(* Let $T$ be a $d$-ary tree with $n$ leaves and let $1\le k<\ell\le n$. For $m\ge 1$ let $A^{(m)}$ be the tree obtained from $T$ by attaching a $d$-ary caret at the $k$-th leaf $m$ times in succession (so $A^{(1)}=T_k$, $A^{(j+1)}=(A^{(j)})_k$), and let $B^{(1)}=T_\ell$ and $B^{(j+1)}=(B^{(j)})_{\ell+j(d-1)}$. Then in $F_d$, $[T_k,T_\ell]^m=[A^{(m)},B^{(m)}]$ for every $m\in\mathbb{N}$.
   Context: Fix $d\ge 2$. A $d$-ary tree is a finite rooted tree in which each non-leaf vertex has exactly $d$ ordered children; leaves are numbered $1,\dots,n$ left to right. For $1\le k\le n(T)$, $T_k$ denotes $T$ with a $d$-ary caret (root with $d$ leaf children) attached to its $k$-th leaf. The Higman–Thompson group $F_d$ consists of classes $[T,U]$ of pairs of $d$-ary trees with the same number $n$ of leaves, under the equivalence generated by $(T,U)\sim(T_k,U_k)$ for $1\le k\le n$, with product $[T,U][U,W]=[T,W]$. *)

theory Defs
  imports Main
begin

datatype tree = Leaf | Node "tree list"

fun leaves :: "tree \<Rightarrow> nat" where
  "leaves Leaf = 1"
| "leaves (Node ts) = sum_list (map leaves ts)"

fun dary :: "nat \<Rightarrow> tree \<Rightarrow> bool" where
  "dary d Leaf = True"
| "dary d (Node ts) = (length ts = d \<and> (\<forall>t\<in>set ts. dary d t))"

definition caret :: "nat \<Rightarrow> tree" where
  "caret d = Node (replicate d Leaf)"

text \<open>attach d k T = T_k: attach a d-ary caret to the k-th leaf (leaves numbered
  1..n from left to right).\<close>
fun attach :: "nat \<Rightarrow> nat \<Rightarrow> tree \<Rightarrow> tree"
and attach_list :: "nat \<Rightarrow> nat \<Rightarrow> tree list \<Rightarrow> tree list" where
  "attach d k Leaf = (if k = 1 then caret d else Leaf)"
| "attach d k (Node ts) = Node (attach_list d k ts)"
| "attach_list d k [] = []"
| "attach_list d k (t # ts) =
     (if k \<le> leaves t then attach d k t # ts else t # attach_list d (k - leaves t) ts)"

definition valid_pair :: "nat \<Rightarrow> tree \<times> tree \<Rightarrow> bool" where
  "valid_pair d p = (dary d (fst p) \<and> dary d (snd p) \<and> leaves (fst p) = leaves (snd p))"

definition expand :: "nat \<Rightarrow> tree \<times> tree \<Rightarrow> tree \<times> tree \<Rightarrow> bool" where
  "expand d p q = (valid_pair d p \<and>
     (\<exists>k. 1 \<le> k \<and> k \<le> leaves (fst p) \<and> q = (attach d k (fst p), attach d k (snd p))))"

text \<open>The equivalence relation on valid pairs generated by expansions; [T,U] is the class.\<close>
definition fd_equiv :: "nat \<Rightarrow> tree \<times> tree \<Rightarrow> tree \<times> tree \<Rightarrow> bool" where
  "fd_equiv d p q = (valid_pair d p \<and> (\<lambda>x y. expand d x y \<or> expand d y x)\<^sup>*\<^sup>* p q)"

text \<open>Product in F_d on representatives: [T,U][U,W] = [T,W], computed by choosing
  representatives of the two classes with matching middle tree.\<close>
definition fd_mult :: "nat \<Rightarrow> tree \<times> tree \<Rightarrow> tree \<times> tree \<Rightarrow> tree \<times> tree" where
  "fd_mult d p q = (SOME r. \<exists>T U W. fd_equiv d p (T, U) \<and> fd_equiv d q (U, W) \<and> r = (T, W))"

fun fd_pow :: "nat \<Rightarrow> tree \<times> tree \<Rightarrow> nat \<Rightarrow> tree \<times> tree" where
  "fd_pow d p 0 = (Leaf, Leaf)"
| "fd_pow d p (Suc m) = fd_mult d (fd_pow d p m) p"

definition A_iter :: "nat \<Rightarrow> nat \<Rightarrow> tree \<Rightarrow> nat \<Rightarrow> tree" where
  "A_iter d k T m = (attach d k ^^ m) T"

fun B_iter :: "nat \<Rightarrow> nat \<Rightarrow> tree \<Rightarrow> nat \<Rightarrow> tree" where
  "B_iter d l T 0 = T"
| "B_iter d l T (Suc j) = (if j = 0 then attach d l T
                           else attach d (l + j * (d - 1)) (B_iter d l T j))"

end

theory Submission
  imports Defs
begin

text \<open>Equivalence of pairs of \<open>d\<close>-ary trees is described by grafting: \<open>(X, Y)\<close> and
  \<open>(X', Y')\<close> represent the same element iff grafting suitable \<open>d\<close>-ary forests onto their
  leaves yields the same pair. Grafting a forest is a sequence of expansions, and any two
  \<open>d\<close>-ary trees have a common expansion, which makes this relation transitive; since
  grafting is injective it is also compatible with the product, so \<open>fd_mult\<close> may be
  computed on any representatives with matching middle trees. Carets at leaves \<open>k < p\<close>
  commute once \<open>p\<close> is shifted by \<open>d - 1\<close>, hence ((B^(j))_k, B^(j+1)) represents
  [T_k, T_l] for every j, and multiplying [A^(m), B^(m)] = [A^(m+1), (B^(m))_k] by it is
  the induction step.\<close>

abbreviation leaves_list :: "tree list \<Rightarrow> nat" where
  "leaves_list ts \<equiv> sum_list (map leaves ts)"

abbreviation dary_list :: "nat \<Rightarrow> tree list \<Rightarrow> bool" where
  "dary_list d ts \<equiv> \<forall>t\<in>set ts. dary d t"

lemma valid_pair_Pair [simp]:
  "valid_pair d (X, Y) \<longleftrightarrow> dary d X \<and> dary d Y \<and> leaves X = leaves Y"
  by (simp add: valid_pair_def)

════

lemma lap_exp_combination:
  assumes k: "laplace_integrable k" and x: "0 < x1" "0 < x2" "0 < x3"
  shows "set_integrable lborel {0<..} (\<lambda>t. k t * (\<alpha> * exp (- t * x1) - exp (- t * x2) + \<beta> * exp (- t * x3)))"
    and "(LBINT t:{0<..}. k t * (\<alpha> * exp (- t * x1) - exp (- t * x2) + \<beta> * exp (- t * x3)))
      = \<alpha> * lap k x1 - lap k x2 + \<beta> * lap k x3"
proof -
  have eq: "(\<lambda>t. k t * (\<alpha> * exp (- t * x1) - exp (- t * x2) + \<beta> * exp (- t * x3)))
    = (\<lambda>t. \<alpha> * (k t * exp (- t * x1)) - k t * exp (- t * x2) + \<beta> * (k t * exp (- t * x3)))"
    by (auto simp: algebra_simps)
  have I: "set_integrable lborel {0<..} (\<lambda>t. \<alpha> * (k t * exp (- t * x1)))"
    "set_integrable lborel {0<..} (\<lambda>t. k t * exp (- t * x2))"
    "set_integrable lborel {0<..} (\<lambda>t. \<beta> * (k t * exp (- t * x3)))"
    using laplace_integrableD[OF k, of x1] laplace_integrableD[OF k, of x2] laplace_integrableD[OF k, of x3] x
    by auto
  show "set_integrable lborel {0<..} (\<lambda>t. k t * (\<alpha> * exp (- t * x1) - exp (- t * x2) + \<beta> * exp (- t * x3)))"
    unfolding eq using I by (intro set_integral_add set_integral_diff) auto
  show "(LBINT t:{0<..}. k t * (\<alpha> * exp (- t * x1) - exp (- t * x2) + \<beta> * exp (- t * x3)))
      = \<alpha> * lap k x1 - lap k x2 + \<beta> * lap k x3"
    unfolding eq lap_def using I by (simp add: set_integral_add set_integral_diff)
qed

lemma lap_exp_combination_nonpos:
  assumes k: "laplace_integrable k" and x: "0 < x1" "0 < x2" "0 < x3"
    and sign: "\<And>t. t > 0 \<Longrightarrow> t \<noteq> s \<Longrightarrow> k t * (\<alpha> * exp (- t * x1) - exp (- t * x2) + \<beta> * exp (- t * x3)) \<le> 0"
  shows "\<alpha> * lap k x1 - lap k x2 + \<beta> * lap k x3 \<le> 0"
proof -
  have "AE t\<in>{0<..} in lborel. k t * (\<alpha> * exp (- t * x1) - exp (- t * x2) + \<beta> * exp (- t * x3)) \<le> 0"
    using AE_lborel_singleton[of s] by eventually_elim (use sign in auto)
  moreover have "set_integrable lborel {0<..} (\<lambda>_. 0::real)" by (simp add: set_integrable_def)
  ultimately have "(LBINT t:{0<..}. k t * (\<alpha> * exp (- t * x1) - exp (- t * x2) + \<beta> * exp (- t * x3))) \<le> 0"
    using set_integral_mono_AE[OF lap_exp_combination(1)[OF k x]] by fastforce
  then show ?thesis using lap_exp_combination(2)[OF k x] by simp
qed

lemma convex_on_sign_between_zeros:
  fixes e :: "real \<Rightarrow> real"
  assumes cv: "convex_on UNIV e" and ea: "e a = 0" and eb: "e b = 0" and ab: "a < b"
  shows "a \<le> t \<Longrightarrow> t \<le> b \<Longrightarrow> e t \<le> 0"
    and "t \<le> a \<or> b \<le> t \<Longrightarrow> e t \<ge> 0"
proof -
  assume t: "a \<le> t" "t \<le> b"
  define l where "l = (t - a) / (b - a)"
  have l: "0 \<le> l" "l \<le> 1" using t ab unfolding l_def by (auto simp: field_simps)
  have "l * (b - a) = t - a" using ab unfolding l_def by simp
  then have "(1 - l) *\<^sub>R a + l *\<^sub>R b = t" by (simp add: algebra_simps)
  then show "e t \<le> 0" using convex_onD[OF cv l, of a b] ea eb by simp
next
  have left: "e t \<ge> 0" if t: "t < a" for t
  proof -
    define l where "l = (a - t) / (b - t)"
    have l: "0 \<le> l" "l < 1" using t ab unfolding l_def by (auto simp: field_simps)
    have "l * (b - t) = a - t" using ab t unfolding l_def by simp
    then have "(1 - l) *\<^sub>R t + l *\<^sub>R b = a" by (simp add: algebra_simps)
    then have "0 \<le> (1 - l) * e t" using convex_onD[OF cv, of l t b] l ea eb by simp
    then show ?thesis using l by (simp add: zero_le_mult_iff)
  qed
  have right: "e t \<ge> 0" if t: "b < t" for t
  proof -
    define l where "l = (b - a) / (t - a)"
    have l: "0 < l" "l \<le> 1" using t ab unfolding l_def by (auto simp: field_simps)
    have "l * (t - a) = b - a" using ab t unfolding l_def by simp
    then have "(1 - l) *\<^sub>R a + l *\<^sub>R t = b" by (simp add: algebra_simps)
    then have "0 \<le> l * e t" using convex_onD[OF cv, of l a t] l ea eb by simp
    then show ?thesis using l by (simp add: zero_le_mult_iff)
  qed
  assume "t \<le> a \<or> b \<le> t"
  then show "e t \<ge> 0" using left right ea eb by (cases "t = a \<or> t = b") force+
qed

════

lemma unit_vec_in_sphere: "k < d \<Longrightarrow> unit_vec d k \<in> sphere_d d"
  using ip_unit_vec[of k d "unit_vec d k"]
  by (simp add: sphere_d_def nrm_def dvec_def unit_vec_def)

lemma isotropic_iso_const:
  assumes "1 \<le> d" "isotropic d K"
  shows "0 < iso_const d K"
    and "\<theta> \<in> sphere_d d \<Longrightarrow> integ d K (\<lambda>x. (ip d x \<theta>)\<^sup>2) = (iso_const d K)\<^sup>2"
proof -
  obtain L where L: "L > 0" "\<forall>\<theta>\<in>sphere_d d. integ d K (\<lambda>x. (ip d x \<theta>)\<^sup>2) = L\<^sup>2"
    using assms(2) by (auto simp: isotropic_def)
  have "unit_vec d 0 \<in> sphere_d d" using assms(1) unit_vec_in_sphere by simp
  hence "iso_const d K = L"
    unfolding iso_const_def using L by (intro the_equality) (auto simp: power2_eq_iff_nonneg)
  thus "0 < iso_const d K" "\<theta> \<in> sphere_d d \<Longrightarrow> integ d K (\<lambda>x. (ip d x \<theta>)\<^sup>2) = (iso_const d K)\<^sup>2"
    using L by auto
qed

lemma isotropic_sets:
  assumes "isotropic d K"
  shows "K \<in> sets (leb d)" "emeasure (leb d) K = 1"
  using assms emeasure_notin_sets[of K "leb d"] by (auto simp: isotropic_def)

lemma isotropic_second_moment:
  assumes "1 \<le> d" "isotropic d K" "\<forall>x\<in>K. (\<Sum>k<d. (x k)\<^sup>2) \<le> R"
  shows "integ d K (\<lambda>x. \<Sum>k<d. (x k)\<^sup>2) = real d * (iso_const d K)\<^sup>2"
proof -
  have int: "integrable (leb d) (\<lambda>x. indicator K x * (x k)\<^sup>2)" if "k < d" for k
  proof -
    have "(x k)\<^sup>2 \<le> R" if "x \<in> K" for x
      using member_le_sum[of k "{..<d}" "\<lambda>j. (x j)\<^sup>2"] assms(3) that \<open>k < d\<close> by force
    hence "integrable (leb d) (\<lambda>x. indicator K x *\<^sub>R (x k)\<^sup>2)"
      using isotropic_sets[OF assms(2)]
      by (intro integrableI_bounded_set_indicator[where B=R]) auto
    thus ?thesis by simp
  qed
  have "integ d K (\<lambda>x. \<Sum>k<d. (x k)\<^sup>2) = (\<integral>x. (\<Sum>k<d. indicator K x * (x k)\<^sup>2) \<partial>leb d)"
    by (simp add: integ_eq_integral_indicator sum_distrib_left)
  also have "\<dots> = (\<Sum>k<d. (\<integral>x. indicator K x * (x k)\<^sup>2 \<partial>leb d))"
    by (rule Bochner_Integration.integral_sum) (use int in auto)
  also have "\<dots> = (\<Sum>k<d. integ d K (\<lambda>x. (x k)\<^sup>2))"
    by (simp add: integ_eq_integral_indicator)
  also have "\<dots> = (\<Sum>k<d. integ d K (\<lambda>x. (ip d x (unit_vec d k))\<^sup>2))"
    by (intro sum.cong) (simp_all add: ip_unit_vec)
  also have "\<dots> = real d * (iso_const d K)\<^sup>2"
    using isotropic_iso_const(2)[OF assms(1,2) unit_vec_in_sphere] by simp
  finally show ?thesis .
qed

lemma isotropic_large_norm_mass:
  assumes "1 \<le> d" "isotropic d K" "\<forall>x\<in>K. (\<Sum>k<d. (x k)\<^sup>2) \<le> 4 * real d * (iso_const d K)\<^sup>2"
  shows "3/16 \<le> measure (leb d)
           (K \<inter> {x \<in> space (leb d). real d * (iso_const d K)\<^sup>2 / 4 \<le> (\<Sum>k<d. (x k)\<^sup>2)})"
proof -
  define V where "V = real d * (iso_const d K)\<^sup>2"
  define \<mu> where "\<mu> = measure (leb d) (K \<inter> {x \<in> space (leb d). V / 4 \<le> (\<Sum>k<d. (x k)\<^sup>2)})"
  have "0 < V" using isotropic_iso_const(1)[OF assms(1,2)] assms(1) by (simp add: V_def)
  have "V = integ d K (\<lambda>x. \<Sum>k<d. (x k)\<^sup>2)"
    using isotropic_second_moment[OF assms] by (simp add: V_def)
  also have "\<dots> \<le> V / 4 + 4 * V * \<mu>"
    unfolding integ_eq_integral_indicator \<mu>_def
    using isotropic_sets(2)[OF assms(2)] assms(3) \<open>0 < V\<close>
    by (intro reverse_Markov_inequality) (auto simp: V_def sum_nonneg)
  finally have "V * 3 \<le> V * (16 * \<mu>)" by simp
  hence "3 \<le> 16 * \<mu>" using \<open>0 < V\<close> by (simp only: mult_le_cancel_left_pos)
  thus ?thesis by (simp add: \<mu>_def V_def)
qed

════

PROBLEM STATEMENT
Set down only the lines above that fall between the line holding "(* Let $T$ be" and the line holding "d k (t # ts)", inclusive, keeping each exact.

TASK OUTPUT
(* Let $T$ be a $d$-ary tree with $n$ leaves and let $1\le k<\ell\le n$. For $m\ge 1$ let $A^{(m)}$ be the tree obtained from $T$ by attaching a $d$-ary caret at the $k$-th leaf $m$ times in succession (so $A^{(1)}=T_k$, $A^{(j+1)}=(A^{(j)})_k$), and let $B^{(1)}=T_\ell$ and $B^{(j+1)}=(B^{(j)})_{\ell+j(d-1)}$. Then in $F_d$, $[T_k,T_\ell]^m=[A^{(m)},B^{(m)}]$ for every $m\in\mathbb{N}$.
   Context: Fix $d\ge 2$. A $d$-ary tree is a finite rooted tree in which each non-leaf vertex has exactly $d$ ordered children; leaves are numbered $1,\dots,n$ left to right. For $1\le k\le n(T)$, $T_k$ denotes $T$ with a $d$-ary caret (root with $d$ leaf children) attached to its $k$-th leaf. The Higman–Thompson group $F_d$ consists of classes $[T,U]$ of pairs of $d$-ary trees with the same number $n$ of leaves, under the equivalence generated by $(T,U)\sim(T_k,U_k)$ for $1\le k\le n$, with product $[T,U][U,W]=[T,W]$. *)

theory Defs
  imports Main
begin

datatype tree = Leaf | Node "tree list"

fun leaves :: "tree \<Rightarrow> nat" where
  "leaves Leaf = 1"
| "leaves (Node ts) = sum_list (map leaves ts)"

fun dary :: "nat \<Rightarrow> tree \<Rightarrow> bool" where
  "dary d Leaf = True"
| "dary d (Node ts) = (length ts = d \<and> (\<forall>t\<in>set ts. dary d t))"

definition caret :: "nat \<Rightarrow> tree" where
  "caret d = Node (replicate d Leaf)"

text \<open>attach d k T = T_k: attach a d-ary caret to the k-th leaf (leaves numbered
  1..n from left to right).\<close>
fun attach :: "nat \<Rightarrow> nat \<Rightarrow> tree \<Rightarrow> tree"
and attach_list :: "nat \<Rightarrow> nat \<Rightarrow> tree list \<Rightarrow> tree list" where
  "attach d k Leaf = (if k = 1 then caret d else Leaf)"
| "attach d k (Node ts) = Node (attach_list d k ts)"
| "attach_list d k [] = []"
| "attach_list d k (t # ts) =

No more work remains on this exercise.